This exercise calls for printing every record exactly once more.

*** THE INPUT ***

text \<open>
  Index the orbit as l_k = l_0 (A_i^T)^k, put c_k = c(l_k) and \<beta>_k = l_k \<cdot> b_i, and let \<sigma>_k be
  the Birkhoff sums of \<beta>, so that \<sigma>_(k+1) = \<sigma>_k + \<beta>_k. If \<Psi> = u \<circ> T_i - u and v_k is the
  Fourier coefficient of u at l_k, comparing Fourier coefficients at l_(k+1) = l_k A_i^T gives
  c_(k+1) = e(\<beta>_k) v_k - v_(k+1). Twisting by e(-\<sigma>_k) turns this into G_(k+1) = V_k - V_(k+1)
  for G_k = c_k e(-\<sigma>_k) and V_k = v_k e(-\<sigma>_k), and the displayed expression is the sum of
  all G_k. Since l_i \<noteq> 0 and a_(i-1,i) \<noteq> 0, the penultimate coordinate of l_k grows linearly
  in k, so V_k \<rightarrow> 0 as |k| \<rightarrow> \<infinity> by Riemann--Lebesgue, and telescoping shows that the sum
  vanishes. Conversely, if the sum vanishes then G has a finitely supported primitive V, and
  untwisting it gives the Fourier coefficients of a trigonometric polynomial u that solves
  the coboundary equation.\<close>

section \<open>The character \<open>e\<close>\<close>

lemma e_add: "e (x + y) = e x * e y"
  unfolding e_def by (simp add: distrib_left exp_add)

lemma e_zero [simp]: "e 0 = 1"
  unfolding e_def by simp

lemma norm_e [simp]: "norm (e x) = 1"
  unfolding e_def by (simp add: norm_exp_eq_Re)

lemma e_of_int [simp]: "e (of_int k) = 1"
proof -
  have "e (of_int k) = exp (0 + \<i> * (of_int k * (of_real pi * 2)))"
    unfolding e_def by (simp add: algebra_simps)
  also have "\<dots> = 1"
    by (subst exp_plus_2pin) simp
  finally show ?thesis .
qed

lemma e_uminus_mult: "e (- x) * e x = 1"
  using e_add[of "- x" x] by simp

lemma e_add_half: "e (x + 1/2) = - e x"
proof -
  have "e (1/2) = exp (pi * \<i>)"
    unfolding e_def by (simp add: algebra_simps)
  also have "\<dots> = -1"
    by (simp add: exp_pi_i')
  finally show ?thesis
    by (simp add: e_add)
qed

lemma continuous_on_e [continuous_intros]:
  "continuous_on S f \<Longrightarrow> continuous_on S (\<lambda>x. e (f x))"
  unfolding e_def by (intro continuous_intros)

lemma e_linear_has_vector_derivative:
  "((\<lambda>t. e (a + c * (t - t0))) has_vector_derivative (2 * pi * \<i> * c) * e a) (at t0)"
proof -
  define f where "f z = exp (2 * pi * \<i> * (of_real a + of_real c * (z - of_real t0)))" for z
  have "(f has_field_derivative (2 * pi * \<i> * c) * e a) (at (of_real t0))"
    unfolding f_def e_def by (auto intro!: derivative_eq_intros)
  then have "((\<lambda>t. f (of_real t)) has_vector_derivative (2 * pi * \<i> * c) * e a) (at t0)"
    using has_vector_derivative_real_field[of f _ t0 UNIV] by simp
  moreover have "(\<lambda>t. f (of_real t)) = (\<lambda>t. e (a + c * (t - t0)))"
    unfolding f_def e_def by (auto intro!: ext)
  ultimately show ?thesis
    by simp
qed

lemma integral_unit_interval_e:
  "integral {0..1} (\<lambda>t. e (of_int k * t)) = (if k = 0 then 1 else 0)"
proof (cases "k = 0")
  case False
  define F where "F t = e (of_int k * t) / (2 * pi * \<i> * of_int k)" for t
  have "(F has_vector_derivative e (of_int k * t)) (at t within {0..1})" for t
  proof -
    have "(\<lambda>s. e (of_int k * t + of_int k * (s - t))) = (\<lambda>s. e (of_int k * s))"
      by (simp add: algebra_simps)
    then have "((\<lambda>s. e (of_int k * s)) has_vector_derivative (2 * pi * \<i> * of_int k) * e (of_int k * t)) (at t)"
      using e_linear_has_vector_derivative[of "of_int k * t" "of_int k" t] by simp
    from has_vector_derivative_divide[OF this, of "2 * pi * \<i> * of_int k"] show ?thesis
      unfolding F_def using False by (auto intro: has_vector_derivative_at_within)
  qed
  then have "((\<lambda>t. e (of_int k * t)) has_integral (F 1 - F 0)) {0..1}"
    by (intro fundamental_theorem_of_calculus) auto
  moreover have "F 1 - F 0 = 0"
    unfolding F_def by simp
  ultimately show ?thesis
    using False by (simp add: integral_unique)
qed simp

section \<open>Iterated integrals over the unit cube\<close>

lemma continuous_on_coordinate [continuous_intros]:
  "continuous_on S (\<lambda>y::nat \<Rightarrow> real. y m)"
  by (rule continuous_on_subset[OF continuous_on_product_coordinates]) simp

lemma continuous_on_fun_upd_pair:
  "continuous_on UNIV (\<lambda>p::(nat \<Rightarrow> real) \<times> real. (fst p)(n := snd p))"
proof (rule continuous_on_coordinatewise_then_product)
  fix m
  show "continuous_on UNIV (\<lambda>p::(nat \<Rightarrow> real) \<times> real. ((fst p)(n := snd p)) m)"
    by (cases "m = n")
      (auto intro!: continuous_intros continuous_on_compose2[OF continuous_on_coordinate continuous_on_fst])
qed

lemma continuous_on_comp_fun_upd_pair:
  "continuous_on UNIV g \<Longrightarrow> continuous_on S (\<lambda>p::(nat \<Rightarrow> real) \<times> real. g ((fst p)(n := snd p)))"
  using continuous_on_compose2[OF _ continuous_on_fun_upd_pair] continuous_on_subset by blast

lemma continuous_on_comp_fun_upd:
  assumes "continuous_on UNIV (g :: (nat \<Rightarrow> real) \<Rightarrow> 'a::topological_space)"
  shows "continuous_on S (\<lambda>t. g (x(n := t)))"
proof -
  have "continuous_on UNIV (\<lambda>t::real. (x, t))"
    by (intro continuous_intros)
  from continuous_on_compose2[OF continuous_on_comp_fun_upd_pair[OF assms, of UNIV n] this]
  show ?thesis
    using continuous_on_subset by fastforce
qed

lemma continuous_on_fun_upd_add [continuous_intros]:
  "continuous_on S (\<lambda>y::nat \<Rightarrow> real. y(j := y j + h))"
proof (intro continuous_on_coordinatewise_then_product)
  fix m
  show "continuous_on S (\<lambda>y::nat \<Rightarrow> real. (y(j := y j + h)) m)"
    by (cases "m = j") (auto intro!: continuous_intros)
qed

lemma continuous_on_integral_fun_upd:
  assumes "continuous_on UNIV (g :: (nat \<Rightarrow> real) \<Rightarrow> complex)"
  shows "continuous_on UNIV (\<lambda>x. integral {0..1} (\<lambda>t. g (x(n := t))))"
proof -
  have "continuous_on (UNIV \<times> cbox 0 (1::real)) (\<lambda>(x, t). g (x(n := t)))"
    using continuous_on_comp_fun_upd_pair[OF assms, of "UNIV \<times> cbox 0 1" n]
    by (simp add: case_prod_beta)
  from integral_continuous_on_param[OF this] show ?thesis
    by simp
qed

*** End of THE INPUT ***

WRITTEN REPLY –
text \<open>
  Index the orbit as l_k = l_0 (A_i^T)^k, put c_k = c(l_k) and \<beta>_k = l_k \<cdot> b_i, and let \<sigma>_k be
  the Birkhoff sums of \<beta>, so that \<sigma>_(k+1) = \<sigma>_k + \<beta>_k. If \<Psi> = u \<circ> T_i - u and v_k is the
  Fourier coefficient of u at l_k, comparing Fourier coefficients at l_(k+1) = l_k A_i^T gives
  c_(k+1) = e(\<beta>_k) v_k - v_(k+1). Twisting by e(-\<sigma>_k) turns this into G_(k+1) = V_k - V_(k+1)
  for G_k = c_k e(-\<sigma>_k) and V_k = v_k e(-\<sigma>_k), and the displayed expression is the sum of
  all G_k. Since l_i \<noteq> 0 and a_(i-1,i) \<noteq> 0, the penultimate coordinate of l_k grows linearly
  in k, so V_k \<rightarrow> 0 as |k| \<rightarrow> \<infinity> by Riemann--Lebesgue, and telescoping shows that the sum
  vanishes. Conversely, if the sum vanishes then G has a finitely supported primitive V, and
  untwisting it gives the Fourier coefficients of a trigonometric polynomial u that solves
  the coboundary equation.\<close>

section \<open>The character \<open>e\<close>\<close>

lemma e_add: "e (x + y) = e x * e y"
  unfolding e_def by (simp add: distrib_left exp_add)

lemma e_zero [simp]: "e 0 = 1"
  unfolding e_def by simp

lemma norm_e [simp]: "norm (e x) = 1"
  unfolding e_def by (simp add: norm_exp_eq_Re)

lemma e_of_int [simp]: "e (of_int k) = 1"
proof -
  have "e (of_int k) = exp (0 + \<i> * (of_int k * (of_real pi * 2)))"
    unfolding e_def by (simp add: algebra_simps)
  also have "\<dots> = 1"
    by (subst exp_plus_2pin) simp
  finally show ?thesis .
qed

lemma e_uminus_mult: "e (- x) * e x = 1"
  using e_add[of "- x" x] by simp

lemma e_add_half: "e (x + 1/2) = - e x"
proof -
  have "e (1/2) = exp (pi * \<i>)"
    unfolding e_def by (simp add: algebra_simps)
  also have "\<dots> = -1"
    by (simp add: exp_pi_i')
  finally show ?thesis
    by (simp add: e_add)
qed

lemma continuous_on_e [continuous_intros]:
  "continuous_on S f \<Longrightarrow> continuous_on S (\<lambda>x. e (f x))"
  unfolding e_def by (intro continuous_intros)

lemma e_linear_has_vector_derivative:
  "((\<lambda>t. e (a + c * (t - t0))) has_vector_derivative (2 * pi * \<i> * c) * e a) (at t0)"
proof -
  define f where "f z = exp (2 * pi * \<i> * (of_real a + of_real c * (z - of_real t0)))" for z
  have "(f has_field_derivative (2 * pi * \<i> * c) * e a) (at (of_real t0))"
    unfolding f_def e_def by (auto intro!: derivative_eq_intros)
  then have "((\<lambda>t. f (of_real t)) has_vector_derivative (2 * pi * \<i> * c) * e a) (at t0)"
    using has_vector_derivative_real_field[of f _ t0 UNIV] by simp
  moreover have "(\<lambda>t. f (of_real t)) = (\<lambda>t. e (a + c * (t - t0)))"
    unfolding f_def e_def by (auto intro!: ext)
  ultimately show ?thesis
    by simp
qed

lemma integral_unit_interval_e:
  "integral {0..1} (\<lambda>t. e (of_int k * t)) = (if k = 0 then 1 else 0)"
proof (cases "k = 0")
  case False
  define F where "F t = e (of_int k * t) / (2 * pi * \<i> * of_int k)" for t
  have "(F has_vector_derivative e (of_int k * t)) (at t within {0..1})" for t
  proof -
    have "(\<lambda>s. e (of_int k * t + of_int k * (s - t))) = (\<lambda>s. e (of_int k * s))"
      by (simp add: algebra_simps)
    then have "((\<lambda>s. e (of_int k * s)) has_vector_derivative (2 * pi * \<i> * of_int k) * e (of_int k * t)) (at t)"
      using e_linear_has_vector_derivative[of "of_int k * t" "of_int k" t] by simp
    from has_vector_derivative_divide[OF this, of "2 * pi * \<i> * of_int k"] show ?thesis
      unfolding F_def using False by (auto intro: has_vector_derivative_at_within)
  qed
  then have "((\<lambda>t. e (of_int k * t)) has_integral (F 1 - F 0)) {0..1}"
    by (intro fundamental_theorem_of_calculus) auto
  moreover have "F 1 - F 0 = 0"
    unfolding F_def by simp
  ultimately show ?thesis
    using False by (simp add: integral_unique)
qed simp

section \<open>Iterated integrals over the unit cube\<close>

lemma continuous_on_coordinate [continuous_intros]:
  "continuous_on S (\<lambda>y::nat \<Rightarrow> real. y m)"
  by (rule continuous_on_subset[OF continuous_on_product_coordinates]) simp

lemma continuous_on_fun_upd_pair:
  "continuous_on UNIV (\<lambda>p::(nat \<Rightarrow> real) \<times> real. (fst p)(n := snd p))"
proof (rule continuous_on_coordinatewise_then_product)
  fix m
  show "continuous_on UNIV (\<lambda>p::(nat \<Rightarrow> real) \<times> real. ((fst p)(n := snd p)) m)"
    by (cases "m = n")
      (auto intro!: continuous_intros continuous_on_compose2[OF continuous_on_coordinate continuous_on_fst])
qed

lemma continuous_on_comp_fun_upd_pair:
  "continuous_on UNIV g \<Longrightarrow> continuous_on S (\<lambda>p::(nat \<Rightarrow> real) \<times> real. g ((fst p)(n := snd p)))"
  using continuous_on_compose2[OF _ continuous_on_fun_upd_pair] continuous_on_subset by blast

lemma continuous_on_comp_fun_upd:
  assumes "continuous_on UNIV (g :: (nat \<Rightarrow> real) \<Rightarrow> 'a::topological_space)"
  shows "continuous_on S (\<lambda>t. g (x(n := t)))"
proof -
  have "continuous_on UNIV (\<lambda>t::real. (x, t))"
    by (intro continuous_intros)
  from continuous_on_compose2[OF continuous_on_comp_fun_upd_pair[OF assms, of UNIV n] this]
  show ?thesis
    using continuous_on_subset by fastforce
qed

lemma continuous_on_fun_upd_add [continuous_intros]:
  "continuous_on S (\<lambda>y::nat \<Rightarrow> real. y(j := y j + h))"
proof (intro continuous_on_coordinatewise_then_product)
  fix m
  show "continuous_on S (\<lambda>y::nat \<Rightarrow> real. (y(j := y j + h)) m)"
    by (cases "m = j") (auto intro!: continuous_intros)
qed

lemma continuous_on_integral_fun_upd:
  assumes "continuous_on UNIV (g :: (nat \<Rightarrow> real) \<Rightarrow> complex)"
  shows "continuous_on UNIV (\<lambda>x. integral {0..1} (\<lambda>t. g (x(n := t))))"
proof -
  have "continuous_on (UNIV \<times> cbox 0 (1::real)) (\<lambda>(x, t). g (x(n := t)))"
    using continuous_on_comp_fun_upd_pair[OF assms, of "UNIV \<times> cbox 0 1" n]
    by (simp add: case_prod_beta)
  from integral_continuous_on_param[OF this] show ?thesis
    by simp
qed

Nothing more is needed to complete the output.